┌────────

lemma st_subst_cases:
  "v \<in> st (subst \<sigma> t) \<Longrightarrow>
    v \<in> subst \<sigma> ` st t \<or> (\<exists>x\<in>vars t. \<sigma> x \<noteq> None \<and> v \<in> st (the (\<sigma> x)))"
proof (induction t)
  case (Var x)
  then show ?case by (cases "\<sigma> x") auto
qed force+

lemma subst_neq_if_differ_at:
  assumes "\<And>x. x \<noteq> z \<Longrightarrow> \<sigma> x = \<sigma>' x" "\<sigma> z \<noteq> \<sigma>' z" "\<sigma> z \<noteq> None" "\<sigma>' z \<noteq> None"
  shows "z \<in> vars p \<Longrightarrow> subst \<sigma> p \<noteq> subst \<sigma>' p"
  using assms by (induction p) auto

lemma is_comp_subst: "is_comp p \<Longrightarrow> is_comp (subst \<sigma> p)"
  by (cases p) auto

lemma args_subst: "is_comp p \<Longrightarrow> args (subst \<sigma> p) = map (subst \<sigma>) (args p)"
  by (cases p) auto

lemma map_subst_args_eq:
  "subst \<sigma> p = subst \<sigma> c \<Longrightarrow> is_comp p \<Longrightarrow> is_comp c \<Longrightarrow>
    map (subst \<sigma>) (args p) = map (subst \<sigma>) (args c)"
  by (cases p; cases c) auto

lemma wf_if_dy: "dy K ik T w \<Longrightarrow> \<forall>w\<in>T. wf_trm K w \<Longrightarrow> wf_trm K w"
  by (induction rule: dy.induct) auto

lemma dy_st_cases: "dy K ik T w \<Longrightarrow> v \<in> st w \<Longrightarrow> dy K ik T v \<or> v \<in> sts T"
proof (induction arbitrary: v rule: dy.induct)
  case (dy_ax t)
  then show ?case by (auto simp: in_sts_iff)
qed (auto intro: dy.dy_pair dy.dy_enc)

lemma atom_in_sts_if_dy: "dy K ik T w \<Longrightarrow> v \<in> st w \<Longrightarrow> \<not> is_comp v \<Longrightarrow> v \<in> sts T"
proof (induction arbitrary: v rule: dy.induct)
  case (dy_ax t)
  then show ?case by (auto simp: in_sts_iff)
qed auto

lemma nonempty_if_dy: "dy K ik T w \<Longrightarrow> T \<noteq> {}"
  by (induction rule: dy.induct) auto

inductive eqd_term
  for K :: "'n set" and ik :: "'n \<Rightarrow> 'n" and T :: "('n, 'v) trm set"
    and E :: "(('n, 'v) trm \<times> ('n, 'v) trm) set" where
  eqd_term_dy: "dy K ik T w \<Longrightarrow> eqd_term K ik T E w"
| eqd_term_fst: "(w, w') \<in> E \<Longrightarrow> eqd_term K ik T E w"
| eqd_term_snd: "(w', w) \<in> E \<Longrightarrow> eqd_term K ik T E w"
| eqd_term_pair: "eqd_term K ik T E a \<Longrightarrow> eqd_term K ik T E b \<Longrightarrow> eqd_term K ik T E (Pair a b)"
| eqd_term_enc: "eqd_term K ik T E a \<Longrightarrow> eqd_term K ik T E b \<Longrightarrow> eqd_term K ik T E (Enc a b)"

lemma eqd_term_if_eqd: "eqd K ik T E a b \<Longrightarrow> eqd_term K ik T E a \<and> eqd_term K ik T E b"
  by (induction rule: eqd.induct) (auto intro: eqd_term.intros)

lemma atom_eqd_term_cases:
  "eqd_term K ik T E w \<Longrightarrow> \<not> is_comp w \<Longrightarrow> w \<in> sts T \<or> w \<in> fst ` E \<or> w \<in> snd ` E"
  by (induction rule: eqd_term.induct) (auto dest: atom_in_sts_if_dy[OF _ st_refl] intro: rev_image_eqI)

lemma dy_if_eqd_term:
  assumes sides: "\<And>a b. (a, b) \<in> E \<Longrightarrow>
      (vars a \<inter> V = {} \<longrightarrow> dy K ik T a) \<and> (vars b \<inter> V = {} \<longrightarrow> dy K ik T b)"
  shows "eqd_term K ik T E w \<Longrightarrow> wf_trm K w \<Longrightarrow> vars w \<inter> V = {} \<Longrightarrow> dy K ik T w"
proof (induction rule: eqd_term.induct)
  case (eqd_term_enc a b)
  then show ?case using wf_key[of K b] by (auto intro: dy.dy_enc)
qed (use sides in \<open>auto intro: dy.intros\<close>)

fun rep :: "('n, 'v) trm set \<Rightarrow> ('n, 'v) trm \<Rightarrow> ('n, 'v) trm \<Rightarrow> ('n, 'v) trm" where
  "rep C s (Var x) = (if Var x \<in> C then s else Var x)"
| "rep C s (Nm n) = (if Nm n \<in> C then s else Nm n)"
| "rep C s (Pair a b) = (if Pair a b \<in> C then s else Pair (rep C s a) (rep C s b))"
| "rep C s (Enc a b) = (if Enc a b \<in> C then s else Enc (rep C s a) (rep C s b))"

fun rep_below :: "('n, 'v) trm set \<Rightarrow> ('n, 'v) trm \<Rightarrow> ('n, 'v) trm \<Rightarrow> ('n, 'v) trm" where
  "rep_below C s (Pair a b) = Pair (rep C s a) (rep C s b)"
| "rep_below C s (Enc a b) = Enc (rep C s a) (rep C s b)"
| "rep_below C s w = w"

└────────
┌────────

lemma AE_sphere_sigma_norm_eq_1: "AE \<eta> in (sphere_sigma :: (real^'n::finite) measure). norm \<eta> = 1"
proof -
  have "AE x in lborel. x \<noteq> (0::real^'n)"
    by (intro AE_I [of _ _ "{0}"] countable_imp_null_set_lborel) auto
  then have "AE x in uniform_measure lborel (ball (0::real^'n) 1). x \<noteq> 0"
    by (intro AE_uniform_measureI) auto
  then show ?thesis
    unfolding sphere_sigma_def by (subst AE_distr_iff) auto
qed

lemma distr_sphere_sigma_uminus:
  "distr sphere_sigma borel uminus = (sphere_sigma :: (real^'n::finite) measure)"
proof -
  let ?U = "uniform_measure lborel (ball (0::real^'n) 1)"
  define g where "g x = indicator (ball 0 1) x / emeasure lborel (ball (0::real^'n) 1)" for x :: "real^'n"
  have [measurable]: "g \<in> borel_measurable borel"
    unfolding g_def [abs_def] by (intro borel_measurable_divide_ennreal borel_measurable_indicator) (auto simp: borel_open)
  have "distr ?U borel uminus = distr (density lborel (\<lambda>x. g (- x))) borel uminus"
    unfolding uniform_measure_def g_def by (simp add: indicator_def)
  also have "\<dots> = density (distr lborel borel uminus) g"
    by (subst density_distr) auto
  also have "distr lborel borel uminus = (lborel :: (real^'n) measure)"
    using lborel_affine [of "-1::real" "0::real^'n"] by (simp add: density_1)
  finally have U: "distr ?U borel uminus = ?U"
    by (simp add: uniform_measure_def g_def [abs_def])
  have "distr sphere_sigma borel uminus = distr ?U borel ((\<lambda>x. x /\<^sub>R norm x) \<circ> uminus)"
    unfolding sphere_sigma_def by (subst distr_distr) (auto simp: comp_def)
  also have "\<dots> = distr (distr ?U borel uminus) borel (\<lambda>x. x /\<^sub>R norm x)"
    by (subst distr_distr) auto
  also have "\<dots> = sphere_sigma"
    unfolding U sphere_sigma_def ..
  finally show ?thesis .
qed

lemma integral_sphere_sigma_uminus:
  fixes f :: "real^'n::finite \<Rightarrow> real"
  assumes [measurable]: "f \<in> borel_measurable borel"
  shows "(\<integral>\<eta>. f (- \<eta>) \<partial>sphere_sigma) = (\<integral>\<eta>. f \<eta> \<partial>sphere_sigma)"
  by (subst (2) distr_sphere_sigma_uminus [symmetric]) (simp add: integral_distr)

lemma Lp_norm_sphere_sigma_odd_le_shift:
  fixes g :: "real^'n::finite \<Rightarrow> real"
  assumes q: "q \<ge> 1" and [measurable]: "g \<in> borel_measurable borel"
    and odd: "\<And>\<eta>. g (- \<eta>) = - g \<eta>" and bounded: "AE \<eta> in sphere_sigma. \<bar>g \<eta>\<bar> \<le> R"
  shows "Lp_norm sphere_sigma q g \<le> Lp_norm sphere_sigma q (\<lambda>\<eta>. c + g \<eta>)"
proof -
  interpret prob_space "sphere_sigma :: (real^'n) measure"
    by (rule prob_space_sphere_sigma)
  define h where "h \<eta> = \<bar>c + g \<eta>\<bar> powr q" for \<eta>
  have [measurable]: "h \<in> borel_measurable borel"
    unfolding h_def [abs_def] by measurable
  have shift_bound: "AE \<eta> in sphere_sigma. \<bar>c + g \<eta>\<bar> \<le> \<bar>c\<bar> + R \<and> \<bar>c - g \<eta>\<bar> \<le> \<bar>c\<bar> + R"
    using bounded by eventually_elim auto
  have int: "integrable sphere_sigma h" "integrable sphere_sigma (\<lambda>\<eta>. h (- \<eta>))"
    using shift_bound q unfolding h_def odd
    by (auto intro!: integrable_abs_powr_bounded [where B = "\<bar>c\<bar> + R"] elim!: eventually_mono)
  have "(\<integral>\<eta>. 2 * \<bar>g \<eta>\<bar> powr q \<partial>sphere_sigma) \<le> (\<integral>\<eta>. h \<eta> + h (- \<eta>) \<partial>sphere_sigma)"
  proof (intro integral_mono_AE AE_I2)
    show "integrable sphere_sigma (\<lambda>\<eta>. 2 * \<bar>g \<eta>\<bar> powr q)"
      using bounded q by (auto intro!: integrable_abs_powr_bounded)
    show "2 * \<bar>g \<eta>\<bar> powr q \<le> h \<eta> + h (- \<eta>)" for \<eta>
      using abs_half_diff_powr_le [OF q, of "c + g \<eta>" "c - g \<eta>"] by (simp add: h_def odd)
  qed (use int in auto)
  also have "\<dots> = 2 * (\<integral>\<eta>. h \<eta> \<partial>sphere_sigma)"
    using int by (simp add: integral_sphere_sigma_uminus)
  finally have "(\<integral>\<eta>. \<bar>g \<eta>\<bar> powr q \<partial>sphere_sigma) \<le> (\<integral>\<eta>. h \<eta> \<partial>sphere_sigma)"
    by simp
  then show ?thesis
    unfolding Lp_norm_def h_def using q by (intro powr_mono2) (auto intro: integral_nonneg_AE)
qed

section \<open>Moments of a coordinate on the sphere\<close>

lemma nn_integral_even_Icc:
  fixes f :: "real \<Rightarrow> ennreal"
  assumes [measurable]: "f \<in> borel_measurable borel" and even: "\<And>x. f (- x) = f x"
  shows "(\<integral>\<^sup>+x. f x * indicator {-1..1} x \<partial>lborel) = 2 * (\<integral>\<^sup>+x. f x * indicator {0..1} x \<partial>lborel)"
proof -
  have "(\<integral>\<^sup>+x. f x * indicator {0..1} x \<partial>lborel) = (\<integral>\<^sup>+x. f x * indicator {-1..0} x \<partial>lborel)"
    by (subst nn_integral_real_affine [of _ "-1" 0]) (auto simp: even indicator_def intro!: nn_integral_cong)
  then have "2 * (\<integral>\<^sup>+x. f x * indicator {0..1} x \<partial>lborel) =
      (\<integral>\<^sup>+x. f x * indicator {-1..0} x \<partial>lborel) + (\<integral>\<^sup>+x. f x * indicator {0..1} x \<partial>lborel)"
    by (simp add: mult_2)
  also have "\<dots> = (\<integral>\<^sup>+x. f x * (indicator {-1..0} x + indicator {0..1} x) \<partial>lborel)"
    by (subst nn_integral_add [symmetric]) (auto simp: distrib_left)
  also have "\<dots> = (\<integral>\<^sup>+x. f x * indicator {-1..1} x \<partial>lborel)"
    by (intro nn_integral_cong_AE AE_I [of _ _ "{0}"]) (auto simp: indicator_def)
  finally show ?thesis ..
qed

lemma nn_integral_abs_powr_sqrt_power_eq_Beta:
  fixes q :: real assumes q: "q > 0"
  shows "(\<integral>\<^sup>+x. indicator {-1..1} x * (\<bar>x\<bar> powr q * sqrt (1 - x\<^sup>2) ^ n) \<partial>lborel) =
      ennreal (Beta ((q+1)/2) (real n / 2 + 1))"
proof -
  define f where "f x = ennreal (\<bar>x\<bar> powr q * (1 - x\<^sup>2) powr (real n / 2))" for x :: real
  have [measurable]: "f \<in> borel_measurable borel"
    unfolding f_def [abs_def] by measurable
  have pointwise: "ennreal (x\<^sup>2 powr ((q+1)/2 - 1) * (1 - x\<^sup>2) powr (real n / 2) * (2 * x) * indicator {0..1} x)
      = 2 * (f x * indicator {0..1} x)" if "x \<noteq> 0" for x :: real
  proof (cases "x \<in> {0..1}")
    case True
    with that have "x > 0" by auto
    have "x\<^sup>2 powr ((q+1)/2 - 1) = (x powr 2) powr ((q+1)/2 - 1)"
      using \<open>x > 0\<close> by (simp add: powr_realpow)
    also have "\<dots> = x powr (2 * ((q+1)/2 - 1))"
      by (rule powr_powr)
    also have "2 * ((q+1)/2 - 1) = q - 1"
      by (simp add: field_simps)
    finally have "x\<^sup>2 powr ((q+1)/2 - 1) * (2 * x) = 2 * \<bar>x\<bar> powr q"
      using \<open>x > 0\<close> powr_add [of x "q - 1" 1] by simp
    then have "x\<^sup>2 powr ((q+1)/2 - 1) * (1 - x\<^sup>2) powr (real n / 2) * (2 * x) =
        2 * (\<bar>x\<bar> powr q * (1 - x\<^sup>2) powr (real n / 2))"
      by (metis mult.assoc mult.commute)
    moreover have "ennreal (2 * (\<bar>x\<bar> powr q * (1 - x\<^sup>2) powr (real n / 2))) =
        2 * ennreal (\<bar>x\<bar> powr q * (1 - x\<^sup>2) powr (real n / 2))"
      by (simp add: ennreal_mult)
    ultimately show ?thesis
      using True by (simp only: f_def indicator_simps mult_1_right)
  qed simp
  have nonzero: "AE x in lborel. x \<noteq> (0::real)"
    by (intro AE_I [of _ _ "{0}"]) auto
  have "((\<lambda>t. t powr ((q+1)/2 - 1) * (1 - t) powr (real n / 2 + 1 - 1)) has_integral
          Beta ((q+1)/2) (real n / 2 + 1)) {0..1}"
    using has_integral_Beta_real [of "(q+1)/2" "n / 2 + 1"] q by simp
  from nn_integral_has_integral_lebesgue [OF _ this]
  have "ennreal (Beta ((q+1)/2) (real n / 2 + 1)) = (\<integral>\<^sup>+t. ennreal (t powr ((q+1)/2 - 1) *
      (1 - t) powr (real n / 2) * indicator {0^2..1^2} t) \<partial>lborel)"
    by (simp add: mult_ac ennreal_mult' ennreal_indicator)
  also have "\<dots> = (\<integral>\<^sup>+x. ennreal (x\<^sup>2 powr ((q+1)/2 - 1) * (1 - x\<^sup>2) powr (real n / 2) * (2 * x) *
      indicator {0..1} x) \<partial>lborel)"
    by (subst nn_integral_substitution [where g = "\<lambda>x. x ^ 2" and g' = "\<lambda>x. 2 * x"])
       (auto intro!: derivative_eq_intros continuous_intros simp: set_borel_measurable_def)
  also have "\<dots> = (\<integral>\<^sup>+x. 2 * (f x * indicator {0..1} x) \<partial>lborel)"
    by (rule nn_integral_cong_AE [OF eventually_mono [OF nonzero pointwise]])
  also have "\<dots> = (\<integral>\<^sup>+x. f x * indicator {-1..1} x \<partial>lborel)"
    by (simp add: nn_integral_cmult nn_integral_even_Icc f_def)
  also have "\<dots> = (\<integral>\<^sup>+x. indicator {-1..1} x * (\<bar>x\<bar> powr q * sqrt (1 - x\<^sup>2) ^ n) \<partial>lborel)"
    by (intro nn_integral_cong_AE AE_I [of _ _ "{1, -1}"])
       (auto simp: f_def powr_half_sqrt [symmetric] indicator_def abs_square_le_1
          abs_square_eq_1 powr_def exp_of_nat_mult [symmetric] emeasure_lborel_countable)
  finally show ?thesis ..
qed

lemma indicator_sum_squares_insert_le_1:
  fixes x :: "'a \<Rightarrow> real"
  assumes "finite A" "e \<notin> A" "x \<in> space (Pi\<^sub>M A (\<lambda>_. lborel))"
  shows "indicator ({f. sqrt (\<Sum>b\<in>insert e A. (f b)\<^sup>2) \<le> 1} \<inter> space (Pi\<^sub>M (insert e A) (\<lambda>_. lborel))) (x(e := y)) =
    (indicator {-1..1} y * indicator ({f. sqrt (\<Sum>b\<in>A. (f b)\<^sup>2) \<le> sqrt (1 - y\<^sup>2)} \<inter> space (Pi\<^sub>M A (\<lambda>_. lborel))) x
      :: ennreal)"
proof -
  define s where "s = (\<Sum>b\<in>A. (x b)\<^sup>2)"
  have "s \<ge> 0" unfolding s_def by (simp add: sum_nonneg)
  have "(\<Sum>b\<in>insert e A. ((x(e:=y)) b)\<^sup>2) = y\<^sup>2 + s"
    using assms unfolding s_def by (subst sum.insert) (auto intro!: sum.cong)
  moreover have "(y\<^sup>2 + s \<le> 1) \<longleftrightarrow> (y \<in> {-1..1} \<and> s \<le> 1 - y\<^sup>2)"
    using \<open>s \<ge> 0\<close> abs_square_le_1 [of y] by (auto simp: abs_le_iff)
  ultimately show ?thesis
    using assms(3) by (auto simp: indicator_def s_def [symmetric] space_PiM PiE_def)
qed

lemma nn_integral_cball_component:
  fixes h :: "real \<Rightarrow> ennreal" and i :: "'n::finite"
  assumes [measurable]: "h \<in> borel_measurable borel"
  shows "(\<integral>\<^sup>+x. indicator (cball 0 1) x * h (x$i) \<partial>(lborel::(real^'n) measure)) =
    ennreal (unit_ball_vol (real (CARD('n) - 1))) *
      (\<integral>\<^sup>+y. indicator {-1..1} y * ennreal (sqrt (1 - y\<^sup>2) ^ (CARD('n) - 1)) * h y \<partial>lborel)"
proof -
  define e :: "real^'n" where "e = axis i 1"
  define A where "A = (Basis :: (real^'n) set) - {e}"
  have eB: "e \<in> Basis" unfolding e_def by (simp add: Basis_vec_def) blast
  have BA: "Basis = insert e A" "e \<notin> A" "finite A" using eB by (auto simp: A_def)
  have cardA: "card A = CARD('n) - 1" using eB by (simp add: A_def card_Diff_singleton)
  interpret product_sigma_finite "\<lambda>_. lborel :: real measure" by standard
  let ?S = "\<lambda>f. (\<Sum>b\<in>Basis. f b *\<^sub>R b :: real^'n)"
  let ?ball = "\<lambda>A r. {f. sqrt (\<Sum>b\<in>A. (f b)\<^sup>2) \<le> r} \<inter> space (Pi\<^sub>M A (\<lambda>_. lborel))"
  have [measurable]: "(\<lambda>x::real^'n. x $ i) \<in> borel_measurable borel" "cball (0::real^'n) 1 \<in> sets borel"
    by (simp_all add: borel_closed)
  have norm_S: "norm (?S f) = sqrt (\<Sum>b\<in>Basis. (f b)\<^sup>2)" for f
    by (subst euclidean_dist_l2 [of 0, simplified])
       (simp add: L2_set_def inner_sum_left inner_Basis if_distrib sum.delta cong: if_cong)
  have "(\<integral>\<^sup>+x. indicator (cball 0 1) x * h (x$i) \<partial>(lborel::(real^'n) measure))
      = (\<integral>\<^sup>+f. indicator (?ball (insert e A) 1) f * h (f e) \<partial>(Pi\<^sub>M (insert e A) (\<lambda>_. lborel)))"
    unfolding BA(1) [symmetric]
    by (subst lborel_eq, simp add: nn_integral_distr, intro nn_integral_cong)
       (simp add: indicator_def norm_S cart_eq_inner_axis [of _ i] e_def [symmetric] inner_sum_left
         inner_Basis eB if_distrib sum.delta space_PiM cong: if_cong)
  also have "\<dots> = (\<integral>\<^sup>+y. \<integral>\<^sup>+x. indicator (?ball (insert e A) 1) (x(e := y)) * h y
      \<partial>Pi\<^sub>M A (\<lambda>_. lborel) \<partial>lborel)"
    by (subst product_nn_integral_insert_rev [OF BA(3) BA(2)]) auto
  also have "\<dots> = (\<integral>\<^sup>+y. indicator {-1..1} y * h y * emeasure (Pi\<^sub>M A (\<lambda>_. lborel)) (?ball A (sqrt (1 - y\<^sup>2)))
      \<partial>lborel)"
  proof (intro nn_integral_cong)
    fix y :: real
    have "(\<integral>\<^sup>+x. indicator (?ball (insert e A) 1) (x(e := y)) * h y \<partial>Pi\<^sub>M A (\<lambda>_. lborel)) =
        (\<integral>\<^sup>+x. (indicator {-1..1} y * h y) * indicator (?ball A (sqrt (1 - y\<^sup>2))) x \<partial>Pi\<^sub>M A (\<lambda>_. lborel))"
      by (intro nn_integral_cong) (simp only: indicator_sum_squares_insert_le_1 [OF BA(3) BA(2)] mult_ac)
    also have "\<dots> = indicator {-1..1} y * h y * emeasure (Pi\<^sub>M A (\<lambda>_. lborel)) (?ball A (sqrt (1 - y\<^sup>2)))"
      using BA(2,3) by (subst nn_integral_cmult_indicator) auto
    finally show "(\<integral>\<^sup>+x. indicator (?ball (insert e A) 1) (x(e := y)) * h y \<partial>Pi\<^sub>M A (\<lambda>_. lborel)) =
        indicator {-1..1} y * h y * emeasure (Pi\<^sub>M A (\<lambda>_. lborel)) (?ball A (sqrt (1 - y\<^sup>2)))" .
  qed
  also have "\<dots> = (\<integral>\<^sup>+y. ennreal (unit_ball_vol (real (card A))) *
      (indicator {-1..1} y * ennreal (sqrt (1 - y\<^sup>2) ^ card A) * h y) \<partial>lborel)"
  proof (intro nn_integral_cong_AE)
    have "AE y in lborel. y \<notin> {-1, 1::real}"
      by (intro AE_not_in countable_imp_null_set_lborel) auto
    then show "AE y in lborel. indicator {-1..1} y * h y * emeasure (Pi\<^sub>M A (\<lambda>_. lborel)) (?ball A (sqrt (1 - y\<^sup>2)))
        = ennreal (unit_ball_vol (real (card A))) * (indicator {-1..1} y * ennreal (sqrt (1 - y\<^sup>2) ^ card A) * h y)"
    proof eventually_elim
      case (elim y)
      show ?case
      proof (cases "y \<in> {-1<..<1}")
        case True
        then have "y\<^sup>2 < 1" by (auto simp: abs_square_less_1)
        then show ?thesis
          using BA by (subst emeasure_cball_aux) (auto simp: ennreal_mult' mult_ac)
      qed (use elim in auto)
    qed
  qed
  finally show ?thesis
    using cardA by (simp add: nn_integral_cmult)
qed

└────────

* EXERCISE GOAL *
Using the data above, reproduce exactly the lines from the line that contains "unfolding f_def [abs_def] by measurable" through the line that contains "by (simp add: mult_ac", including both.

* WRITTEN REPLY *
    unfolding f_def [abs_def] by measurable
  have pointwise: "ennreal (x\<^sup>2 powr ((q+1)/2 - 1) * (1 - x\<^sup>2) powr (real n / 2) * (2 * x) * indicator {0..1} x)
      = 2 * (f x * indicator {0..1} x)" if "x \<noteq> 0" for x :: real
  proof (cases "x \<in> {0..1}")
    case True
    with that have "x > 0" by auto
    have "x\<^sup>2 powr ((q+1)/2 - 1) = (x powr 2) powr ((q+1)/2 - 1)"
      using \<open>x > 0\<close> by (simp add: powr_realpow)
    also have "\<dots> = x powr (2 * ((q+1)/2 - 1))"
      by (rule powr_powr)
    also have "2 * ((q+1)/2 - 1) = q - 1"
      by (simp add: field_simps)
    finally have "x\<^sup>2 powr ((q+1)/2 - 1) * (2 * x) = 2 * \<bar>x\<bar> powr q"
      using \<open>x > 0\<close> powr_add [of x "q - 1" 1] by simp
    then have "x\<^sup>2 powr ((q+1)/2 - 1) * (1 - x\<^sup>2) powr (real n / 2) * (2 * x) =
        2 * (\<bar>x\<bar> powr q * (1 - x\<^sup>2) powr (real n / 2))"
      by (metis mult.assoc mult.commute)
    moreover have "ennreal (2 * (\<bar>x\<bar> powr q * (1 - x\<^sup>2) powr (real n / 2))) =
        2 * ennreal (\<bar>x\<bar> powr q * (1 - x\<^sup>2) powr (real n / 2))"
      by (simp add: ennreal_mult)
    ultimately show ?thesis
      using True by (simp only: f_def indicator_simps mult_1_right)
  qed simp
  have nonzero: "AE x in lborel. x \<noteq> (0::real)"
    by (intro AE_I [of _ _ "{0}"]) auto
  have "((\<lambda>t. t powr ((q+1)/2 - 1) * (1 - t) powr (real n / 2 + 1 - 1)) has_integral
          Beta ((q+1)/2) (real n / 2 + 1)) {0..1}"
    using has_integral_Beta_real [of "(q+1)/2" "n / 2 + 1"] q by simp
  from nn_integral_has_integral_lebesgue [OF _ this]
  have "ennreal (Beta ((q+1)/2) (real n / 2 + 1)) = (\<integral>\<^sup>+t. ennreal (t powr ((q+1)/2 - 1) *
      (1 - t) powr (real n / 2) * indicator {0^2..1^2} t) \<partial>lborel)"
    by (simp add: mult_ac ennreal_mult' ennreal_indicator)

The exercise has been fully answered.